1 - La Classe Promenade

« Les promenades scolaires sont autrement précieuses pour une meilleure adaptation de notre enseignement. On peut y faire d’excellentes leçons de sciences, de langage, de calcul, d’histoire et de géographie. Mais comment, au cours élémentaire et au cours préparatoire, les faire servir à l’un des enseignements les plus pressants : celui de la lecture ? C’est en pensant à tout le bénéfice qu’on pourrait retirer de lectures se rapportant aux choses qui nous auraient intéressés que j’imaginai d’en faire imprimer le texte » 217 .

Premier dispositif, mis en place par Freinet, qui va chercher dans le recours à l’extérieur l’une des sources d’acquisition des connaissances. Ces sorties organisées autour du village sont souvent considérées comme les prototypes de ce qu’on appelle aujourd’hui les séquences pédagogiques de découverte du milieu.

La classe–promenade fut pour Freinet la planche de salut. Au lieu de somnoler devant un tableau de lecture, à la rentrée de la classe de l’après–midi, ils partaient dans les champs qui bordaient le village 218 . Il était normal que, dans cette atmosphère nouvelle, dans ce climat non scolaire, ils accédaient spontanément à des formes de rapports qui n’étaient plus celles, trop conventionnelles, de l’école. Ils se parlaient, se communiquaient, sur un ton familier, les éléments de connaissance qui leur étaient naturels et dont ils tiraient tous, maître et élèves, un profit évident. Quand ils retournaient en classe, ils écrivaient au tableau le compte rendu de la promenade. Mais ce n’était là qu’un coin lumineux enfoncé provisoirement dans le mur de la scolastique.

La vie s’arrêtait à cette première étape, faute d’outils nouveaux et de techniques adéquates. Il y avait divorce total, et inévitable, entre la vie et l’école. Le travail auquel ils s’étaient ainsi contraints perdait de ce fait tous les avantages du travail vivant pour devenir une tâche fastidieuse et sans portée.

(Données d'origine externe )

lemma same_refraction_imp_normal_incidence:
  assumes n: "1 < nr" "1 < nb" "nr \<noteq> nb" and pos: "0 < \<rho> t"
    and same: "mc nr \<rho> \<rho>' t = mc nb \<rho> \<rho>' t"
  shows "\<rho>' t = 0"
proof -
  let ?m = "mc nr \<rho> \<rho>' t" and ?x = "xv t" and ?u = "nu \<rho> \<rho>' t"
  let ?K = "cross2 ?x ?u * dot2 ?x ?m - cross2 ?x ?m * dot2 ?x ?u"
  \<comment> \<open>\<open>?K\<close> involves the index only through the common refracted ray \<open>?m\<close>\<close>
  have unit: "dot2 ?x ?x = 1" by (simp add: dot2_def xv_def flip: power2_eq_square)
  have snell: "c \<noteq> 0 \<Longrightarrow> cross2 ?x ?u
      = c * (cross2 ?x ?u * dot2 ?x (mc c \<rho> \<rho>' t) - cross2 ?x (mc c \<rho> \<rho>' t) * dot2 ?x ?u)" for c
    by (rule refraction_cross_identity[OF scaleR_mc unit])
  have r: "cross2 ?x ?u = nr * ?K"
    by (rule snell) (use n in simp)
  have b: "cross2 ?x ?u = nb * ?K"
    unfolding same by (rule snell) (use n in simp)
  have "(nr - nb) * ?K = 0"
    by (simp only: left_diff_distrib r[symmetric] b[symmetric] diff_self)
  then have "cross2 ?x ?u = 0"
    using r n by simp
  then show ?thesis
    using speed_pos[of \<rho> t \<rho>'] pos by (simp add: cross2_xv_nu)
qed
lemma diagonal_translate:
  "diagonal n (tr_e3 n z) = (diagonal n z + 1) mod int n"
  "fst z \<Longrightarrow> diagonal n (tr_e1 n z) = (diagonal n z + 1) mod int n"
  "\<not> fst z \<Longrightarrow> diagonal n (tr_e2 n z) = (diagonal n z + 1) mod int n"
  by (auto simp: diagonal_def tr_e1_def tr_e2_def tr_e3_def mod_simps ac_simps split: prod.splits)

lemma diagonal_pos_translate:
  assumes "z \<in> midedges n"
  shows "diagonal_pos (tr_e3 n z) = (diagonal_pos z + 1) mod (2 * int n)"
    "fst z \<Longrightarrow> diagonal_pos (tr_e1 n z) = (diagonal_pos z + 2) mod (2 * int n)"
    "\<not> fst z \<Longrightarrow> diagonal_pos (tr_e2 n z) = diagonal_pos z mod (2 * int n)"
proof -
  obtain c i j where z: "z = (c, i, j)" by (cases z) auto
  have r: "0 \<le> i" "i < int n" using assms z by (auto simp: midedges_def)
  note m = mod_eq_if_less_double[of _ "2 * int n"]
  show "diagonal_pos (tr_e3 n z) = (diagonal_pos z + 1) mod (2 * int n)"
  proof (cases c)
    case True
    then show ?thesis
      using r by (cases "i = int n - 1") (auto simp: z tr_e3_def diagonal_pos_def mod_succ_eq_if m)
  qed (use r in \<open>auto simp: z tr_e3_def diagonal_pos_def m\<close>)
  show "fst z \<Longrightarrow> diagonal_pos (tr_e1 n z) = (diagonal_pos z + 2) mod (2 * int n)"
    using r by (cases "i = int n - 1") (auto simp: z tr_e1_def diagonal_pos_def mod_succ_eq_if m)
  show "\<not> fst z \<Longrightarrow> diagonal_pos (tr_e2 n z) = diagonal_pos z mod (2 * int n)"
    using r by (auto simp: z tr_e2_def diagonal_pos_def m)
qed

lemma diagonal_coords_inj: "inj_on (\<lambda>z. (diagonal n z, diagonal_pos z)) (midedges n)"
proof (rule inj_onI)
  fix p q
  assume M: "p \<in> midedges n" "q \<in> midedges n"
    and eq: "(diagonal n p, diagonal_pos p) = (diagonal n q, diagonal_pos q)"
  obtain c i j c' i' j' where p: "p = (c, i, j)" and q: "q = (c', i', j')"
    by (cases p, cases q) auto
  have ci: "c = c' \<and> i = i'"
    using eq by (cases c; cases c'; simp add: p q diagonal_pos_def; presburger)
  then have "(i + j) mod int n = (i + j') mod int n"
    using eq by (simp add: p q diagonal_def)
  then have "((i + j) - i) mod int n = ((i + j') - i) mod int n" by (rule mod_diff_cong) simp
  then have "j = j'" using M by (simp add: p q midedges_def)
  then show "p = q" using ci by (simp add: p q)
qed
(* Let $(A,\cdot)$ be a commutative associative algebra and $(P,Q)$ an admissible pair on it. Define $x\star y=x\cdot Q(y)$ for $x,y\in A$. Then $(A,\star)$ is a Novikov algebra.
   Context: All vector spaces are finite-dimensional over a field $\mathbb F$ of characteristic $0$. An admissible pair on a commutative associative algebra $(A,\cdot)$ is a pair of linear maps $P,Q:A\to A$ with $Q(x\cdot y)=Q(x)\cdot y+x\cdot P(y)$ for all $x,y\in A$. A Novikov algebra is $(A,\star)$ with $(x\star y)\star z-x\star(y\star z)=(y\star x)\star z-y\star(x\star z)$ and $(x\star y)\star z=(x\star z)\star y$ for all $x,y,z\in A$. *)

theory Defs
  imports Complex_Main
begin

text \<open>A commutative associative algebra over a field: the carrier type 'a is a
(not necessarily unital) commutative ring, i.e. the multiplication is
commutative, associative and biadditive; the scalar multiplication makes
it a vector space and the product is bilinear w.r.t. it.\<close>

definition bilinear_op :: "('f::field \<Rightarrow> 'a::ab_group_add \<Rightarrow> 'a) \<Rightarrow> ('a \<Rightarrow> 'a \<Rightarrow> 'a) \<Rightarrow> bool" where
  "bilinear_op scale m \<longleftrightarrow>
     (\<forall>x y z. m (x + y) z = m x z + m y z) \<and>
     (\<forall>x y z. m x (y + z) = m x y + m x z) \<and>
     (\<forall>c x y. m (scale c x) y = scale c (m x y)) \<and>
     (\<forall>c x y. m x (scale c y) = scale c (m x y))"

definition admissible_pair :: "('a::comm_ring \<Rightarrow> 'a) \<Rightarrow> ('a \<Rightarrow> 'a) \<Rightarrow> bool" where
  "admissible_pair P Q \<longleftrightarrow> (\<forall>x y. Q (x * y) = Q x * y + x * P y)"

definition novikov_algebra :: "('f::field \<Rightarrow> 'a::ab_group_add \<Rightarrow> 'a) \<Rightarrow> ('a \<Rightarrow> 'a \<Rightarrow> 'a) \<Rightarrow> bool" where
  "novikov_algebra scale star \<longleftrightarrow>
     bilinear_op scale star \<and>
     (\<forall>x y z. star (star x y) z - star x (star y z) = star (star y x) z - star y (star x z)) \<and>
     (\<forall>x y z. star (star x y) z = star (star x z) y)"

end

theory Submission
  imports Defs
begin

text \<open>The admissibility identity turns the associator of \<open>x \<star> y = x Q(y)\<close> into
  \<open>-x y P(Q z)\<close>, which is symmetric in \<open>x\<close> and \<open>y\<close>; right commutativity only uses that
  the product is commutative and associative.\<close>

lemma bilinear_op_compose_right_linear:
  assumes "bilinear_op scale m"
    and "Vector_Spaces.linear scale scale Q"
  shows "bilinear_op scale (\<lambda>x y. m x (Q y))"
proof -
  interpret Q: Vector_Spaces.linear scale scale Q
    by (fact assms(2))
  show ?thesis
    using assms(1) by (simp add: bilinear_op_def Q.add Q.scale)
qed

lemma mult_right_commute_image:
  fixes x y z :: "'a::ab_semigroup_mult"
  shows "(x * Q y) * Q z = (x * Q z) * Q y"
  by (simp add: ac_simps)

lemma admissible_pair_associator:
  fixes x y z :: "'a::comm_ring"
  assumes "admissible_pair P Q"
  shows "(x * Q y) * Q z - x * Q (y * Q z) = - (x * y * P (Q z))"
  using assms by (simp add: admissible_pair_def algebra_simps)

lemma admissible_pair_left_symmetric:
  fixes x y z :: "'a::comm_ring"
  assumes "admissible_pair P Q"
  shows "(x * Q y) * Q z - x * Q (y * Q z) = (y * Q x) * Q z - y * Q (x * Q z)"
  unfolding admissible_pair_associator[OF assms] by (simp add: mult.commute)

theorem proposition3p26:
  fixes scale :: "'f::field_char_0 \<Rightarrow> 'a::comm_ring \<Rightarrow> 'a"
    and B :: "'a set"
    and P Q :: "'a \<Rightarrow> 'a"
  assumes "finite_dimensional_vector_space scale B"
    and "bilinear_op scale (*)"
    and "Vector_Spaces.linear scale scale P"
    and "Vector_Spaces.linear scale scale Q"
    and "admissible_pair P Q"
  shows "novikov_algebra scale (\<lambda>x y. x * Q y)"
  unfolding novikov_algebra_def
  using bilinear_op_compose_right_linear[OF assms(2,4)]
    admissible_pair_left_symmetric[OF assms(5)] mult_right_commute_image
  by blast

end
definition tm_init :: "('q, 'g, 'a) tm \<Rightarrow> 'a list \<Rightarrow> ('q, 'g) tm_conf" where
  "tm_init A x = (tm_start A, input_tape (tm_blank A) (tm_emb A) x, 0, 0)"

definition tm_run :: "('q, 'g, 'a) tm \<Rightarrow> 'a list \<Rightarrow> nat \<Rightarrow> ('q, 'g) tm_conf" where
  "tm_run A x k = (tm_step A ^^ k) (tm_init A x)"

definition tm_halted :: "('q, 'g, 'a) tm \<Rightarrow> 'a list \<Rightarrow> nat \<Rightarrow> bool" where
  "tm_halted A x k \<longleftrightarrow> fst (tm_run A x k) \<in> tm_final A"

definition tm_computes :: "('q, 'g, 'a) tm \<Rightarrow> ('a list \<Rightarrow> 'a list) \<Rightarrow> bool" where
  "tm_computes A f \<longleftrightarrow> (\<forall>x. \<exists>k. tm_halted A x k \<and>
      tape_holds (tm_blank A) (tm_emb A) (fst (snd (tm_run A x k))) (f x))"

definition tm_time :: "('q, 'g, 'a) tm \<Rightarrow> 'a list \<Rightarrow> nat" where
  "tm_time A x = snd (snd (snd (tm_run A x (LEAST k. tm_halted A x k))))"

definition bigO_measure :: "('a list \<Rightarrow> nat) \<Rightarrow> (nat \<Rightarrow> nat) \<Rightarrow> bool" where
  "bigO_measure m T \<longleftrightarrow> (\<exists>c N. \<forall>x. length x \<ge> N \<longrightarrow> m x \<le> c * T (length x))"

definition tm_computes_in_time :: "('q, 'g, 'a) tm \<Rightarrow> ('a list \<Rightarrow> 'a list) \<Rightarrow> (nat \<Rightarrow> nat) \<Rightarrow> bool" where
  "tm_computes_in_time A f T \<longleftrightarrow> tm_wf A \<and> tm_computes A f \<and> bigO_measure (tm_time A) T"

datatype kind = Normal | Rd | Wr

text \<open>In a read/write state q the
  machine writes the new address addr' = addr + tl_off q on the address tape, performs the
  IO operation, and then goes to state fst (tl_next A q) moving the main-memory head by
  snd (tl_next A q).\<close>
record ('q, 'g, 'a) tlm =
  tl_M      :: nat
  tl_states :: "'q set"
  tl_alpha  :: "'g set"
  tl_start  :: 'q
  tl_final  :: "'q set"
  tl_blank  :: 'g
  tl_emb    :: "'a \<Rightarrow> 'g"
  tl_kind   :: "'q \<Rightarrow> kind"
  tl_delta  :: "'q \<Rightarrow> 'g \<Rightarrow> 'q \<times> 'g \<times> move"
  tl_off    :: "'q \<Rightarrow> int"
  tl_next   :: "'q \<Rightarrow> 'q \<times> move"

definition tlm_wf :: "('q, 'g, 'a) tlm \<Rightarrow> bool" where
  "tlm_wf A \<longleftrightarrow> 1 \<le> tl_M A \<and> finite (tl_states A) \<and> finite (tl_alpha A)
     \<and> tl_start A \<in> tl_states A \<and> tl_final A \<subseteq> tl_states A
     \<and> tl_blank A \<in> tl_alpha A \<and> range (tl_emb A) \<subseteq> tl_alpha A
     \<and> inj (tl_emb A) \<and> tl_blank A \<notin> range (tl_emb A)
     \<and> (\<forall>q\<in>tl_states A. \<forall>a\<in>tl_alpha A. q \<notin> tl_final A \<longrightarrow> tl_kind A q = Normal \<longrightarrow>
           fst (tl_delta A q a) \<in> tl_states A \<and> fst (snd (tl_delta A q a)) \<in> tl_alpha A)
     \<and> (\<forall>q\<in>tl_states A. q \<notin> tl_final A \<longrightarrow> tl_kind A q \<noteq> Normal \<longrightarrow>
           fst (tl_next A q) \<in> tl_states A)"

text \<open>Configuration: (state, main memory, main head, external memory, address,
  time (non-IO transitions), IO time).\<close>
type_synonym ('q, 'g) tlm_conf =
  "'q \<times> (nat \<Rightarrow> 'g) \<times> nat \<times> (nat \<Rightarrow> 'g) \<times> nat \<times> nat \<times> nat"

definition mvM :: "nat \<Rightarrow> move \<Rightarrow> nat \<Rightarrow> nat" where
  "mvM M d h = min (M - 1) (mv d h)"

definition tlm_step :: "('q, 'g, 'a) tlm \<Rightarrow> ('q, 'g) tlm_conf \<Rightarrow> ('q, 'g) tlm_conf" where
  "tlm_step A c = (case c of (q, mm, h, ext, addr, t, io) \<Rightarrow>
     if q \<in> tl_final A then c
     else (case tl_kind A q of
        Normal \<Rightarrow> (case tl_delta A q (mm h) of (q', a, d) \<Rightarrow>
                     (q', mm(h := a), mvM (tl_M A) d h, ext, addr, Suc t, io))
      | Rd \<Rightarrow> (let a' = nat (int addr + tl_off A q) in
                 (case tl_next A q of (q', d) \<Rightarrow>
                   (q', mm(h := ext a'), mvM (tl_M A) d h, ext, a', t, Suc io)))
      | Wr \<Rightarrow> (let a' = nat (int addr + tl_off A q) in
                 (case tl_next A q of (q', d) \<Rightarrow>
                   (q', mm, mvM (tl_M A) d h, ext(a' := mm h), a', t, Suc io)))))"

definition tlm_init :: "('q, 'g, 'a) tlm \<Rightarrow> 'a list \<Rightarrow> ('q, 'g) tlm_conf" where
  "tlm_init A x = (tl_start A, (\<lambda>_. tl_blank A), 0,
                   input_tape (tl_blank A) (tl_emb A) x, 0, 0, 0)"

definition tlm_run :: "('q, 'g, 'a) tlm \<Rightarrow> 'a list \<Rightarrow> nat \<Rightarrow> ('q, 'g) tlm_conf" where
  "tlm_run A x k = (tlm_step A ^^ k) (tlm_init A x)"

definition tlm_halted :: "('q, 'g, 'a) tlm \<Rightarrow> 'a list \<Rightarrow> nat \<Rightarrow> bool" where
  "tlm_halted A x k \<longleftrightarrow> fst (tlm_run A x k) \<in> tl_final A"

definition tlm_ext :: "('q, 'g) tlm_conf \<Rightarrow> nat \<Rightarrow> 'g" where
  "tlm_ext c = fst (snd (snd (snd c)))"

definition tlm_computes :: "('q, 'g, 'a) tlm \<Rightarrow> ('a list \<Rightarrow> 'a list) \<Rightarrow> bool" where
  "tlm_computes A f \<longleftrightarrow> (\<forall>x. \<exists>k. tlm_halted A x k \<and>
      tape_holds (tl_blank A) (tl_emb A) (tlm_ext (tlm_run A x k)) (f x))"

definition tlm_time :: "('q, 'g, 'a) tlm \<Rightarrow> 'a list \<Rightarrow> nat" where
  "tlm_time A x = fst (snd (snd (snd (snd (snd (tlm_run A x (LEAST k. tlm_halted A x k)))))))"

definition tlm_io :: "('q, 'g, 'a) tlm \<Rightarrow> 'a list \<Rightarrow> nat" where
  "tlm_io A x = snd (snd (snd (snd (snd (snd (tlm_run A x (LEAST k. tlm_halted A x k)))))))"

definition tlm_computes_in :: "('q, 'g, 'a) tlm \<Rightarrow> ('a list \<Rightarrow> 'a list)
     \<Rightarrow> (nat \<Rightarrow> nat) \<Rightarrow> (nat \<Rightarrow> nat) \<Rightarrow> bool" where
  "tlm_computes_in A f T IO \<longleftrightarrow> tlm_wf A \<and> tlm_computes A f
     \<and> bigO_measure (tlm_time A) T \<and> bigO_measure (tlm_io A) IO"

end

theory Submission
  imports Defs "HOL-Library.Countable"
begin

text \<open>A main memory of a single cell suffices: the external memory plays the role of the
  Turing tape and each step of the Turing machine is simulated by three steps of the TM-TLM,
  namely a read of the scanned tape cell into main memory, one ordinary transition applying
  the Turing machine's transition function to it, and a write back to the same external
  cell. Hence the simulator uses exactly one ordinary transition and two IO operations per
  simulated step, and it halts after exactly three times as many steps.\<close>

lemma funpow_tlm_step_final: "fst C \<in> tl_final B \<Longrightarrow> (tlm_step B ^^ n) C = C"
  by (induction n) (auto simp: tlm_step_def split: prod.splits)

lemma tape_holds_map:
  "tape_holds b e tp y \<Longrightarrow> tape_holds (g b) (g \<circ> e) (g \<circ> tp) y"
  by (simp add: tape_holds_def)

lemma tlm_run_add: "tlm_run B x (m + n) = (tlm_step B ^^ m) (tlm_run B x n)"
  by (simp add: tlm_run_def funpow_add)

lemma bigO_measure_mult:
  assumes "bigO_measure m T"
  shows "bigO_measure (\<lambda>x. c * m x) T"
proof -
  from assms obtain c' N where "\<And>x. length x \<ge> N \<Longrightarrow> m x \<le> c' * T (length x)"
    by (auto simp: bigO_measure_def)
  then have "\<And>x. length x \<ge> N \<Longrightarrow> c * m x \<le> (c * c') * T (length x)"
    by (simp add: mult.assoc)
  then show ?thesis
    unfolding bigO_measure_def by blast
qed

lemma UNIV_move: "(UNIV :: move set) = {L, S, R}"
  using move.exhaust by auto

lemma UNIV_kind: "(UNIV :: kind set) = {Normal, Rd, Wr}"
  using kind.exhaust by auto

instance move :: finite
  by standard (simp add: UNIV_move)

instance kind :: finite
  by standard (simp add: UNIV_kind)

definition move_offset :: "move \<Rightarrow> int" where
  "move_offset d = (case d of L \<Rightarrow> -1 | S \<Rightarrow> 0 | R \<Rightarrow> 1)"

lemma nat_add_move_offset: "nat (int h + move_offset d) = mv d h"
  by (cases d) (auto simp: move_offset_def)

text \<open>States of the simulator encode triples (k, q, d): k is the kind of the state (its phase
  in the simulation of one step), q the simulated state and d the pending head move. The
  address register holds the previous head position h, so the simulated head sits at
  mv d h; the read phase moves the address there.\<close>

definition tlm_of_tm :: "('q::finite, 'g::finite, 'a) tm \<Rightarrow> (nat, nat, 'a) tlm" where
  "tlm_of_tm A = \<lparr> tl_M = 1,
     tl_states = range (to_nat :: kind \<times> 'q \<times> move \<Rightarrow> nat),
     tl_alpha = range (to_nat :: 'g \<Rightarrow> nat),
     tl_start = to_nat (Rd, tm_start A, S),
     tl_final = (\<lambda>(q, d). to_nat (Rd, q, d :: move)) ` (tm_final A \<times> UNIV),
     tl_blank = to_nat (tm_blank A),
     tl_emb = to_nat \<circ> tm_emb A,
     tl_kind = (\<lambda>n. fst (from_nat n :: kind \<times> 'q \<times> move)),
     tl_delta = (\<lambda>n a. case from_nat n :: kind \<times> 'q \<times> move of (_, q, _) \<Rightarrow>
        (case tm_delta A q (from_nat a) of (q', b, d) \<Rightarrow> (to_nat (Wr, q', d), to_nat b, S))),
     tl_off = (\<lambda>n. case from_nat n :: kind \<times> 'q \<times> move of (k, _, d) \<Rightarrow>
        if k = Rd then move_offset d else 0),
     tl_next = (\<lambda>n. case from_nat n :: kind \<times> 'q \<times> move of (k, q, d) \<Rightarrow>
        (to_nat (if k = Rd then Normal else Rd, q, d), S)) \<rparr>"

definition simulates :: "('q::finite, 'g::finite) tm_conf \<Rightarrow> (nat, nat) tlm_conf \<Rightarrow> bool" where
  "simulates c C \<longleftrightarrow> (case c of (q, tp, h, t) \<Rightarrow> \<exists>d addr mm.
     C = (to_nat (Rd, q, d :: move), mm, 0, to_nat \<circ> tp, addr, t, 2 * t) \<and> mv d addr = h)"

context
  fixes A :: "('q::finite, 'g::finite, 'a) tm"
begin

Les qualités que ces fonctions exigent ne peuvent absolument pas s’acquérir dans un groupe anonyme. Elles peuvent se développer que si on a la possibilité effective de travailler, d’agir et de vivre individuellement et socialement. Il faut s’efforcer d’organiser la démocratie à l’école.

Selon Freinet, on ne peut éduquer que dans la dignité, il s’agit de faire respecter les enfants, ceux–ci devant respecter leurs maîtres, est une des premières conditions de la rénovation de l’école.

Mais dans la pratique de la classe–promenade de Freinet il y a tout autre chose, à savoir la démarche d’apprendre par les autres à partir de leur expérience, dans un contexte de communication. En effet, chaque enfant raconte à l’autre, avec ses mots, ce qu’il a vu, entendu, découvert ; et c’est dans cet échange que l’enfant construit son savoir. Il énumère les idées, les classent, leur donnent du sens. Nous sommes ici dans ces temps que l’on appelle aujourd’hui, les échanges de savoirs.

On redécouvre aujourd’hui les savoirs d’expérience, mais on oublie que Freinet les avait mis en pratique, en 1920, avec de jeunes paysans provençaux. C’est en regardant le monde, pas seulement au sens géographique ou naturaliste mais aussi dans une perspective culturelle sociale (discuter avec les artisans, les gens du village, toutes les personnes ressources venues du milieu humain environnant), que les enfants confrontent leurs représentations à d’autres descriptions du monde, à d’autres points de vue sur la réalité, à d’autres rapports à l’expérience et aux savoirs.

On comprend mieux alors l’importance des échanges sociaux de toutes sortes dans la pédagogie Freinet, et particulièrement les différentes formes d’échanges interscolaires.

Notes
217.

- FREINET. C., Chacun sa pierre, une expérience d’adaptation de notre enseignement : l’imprimerie à l’école, Ecole Emancipée, n° 8, 15 novembre 1925.

218.

- FREINET. C., FREINET. E., L’école buissonnière, film de JP Le Chanois, René Château Vidéo, 1949.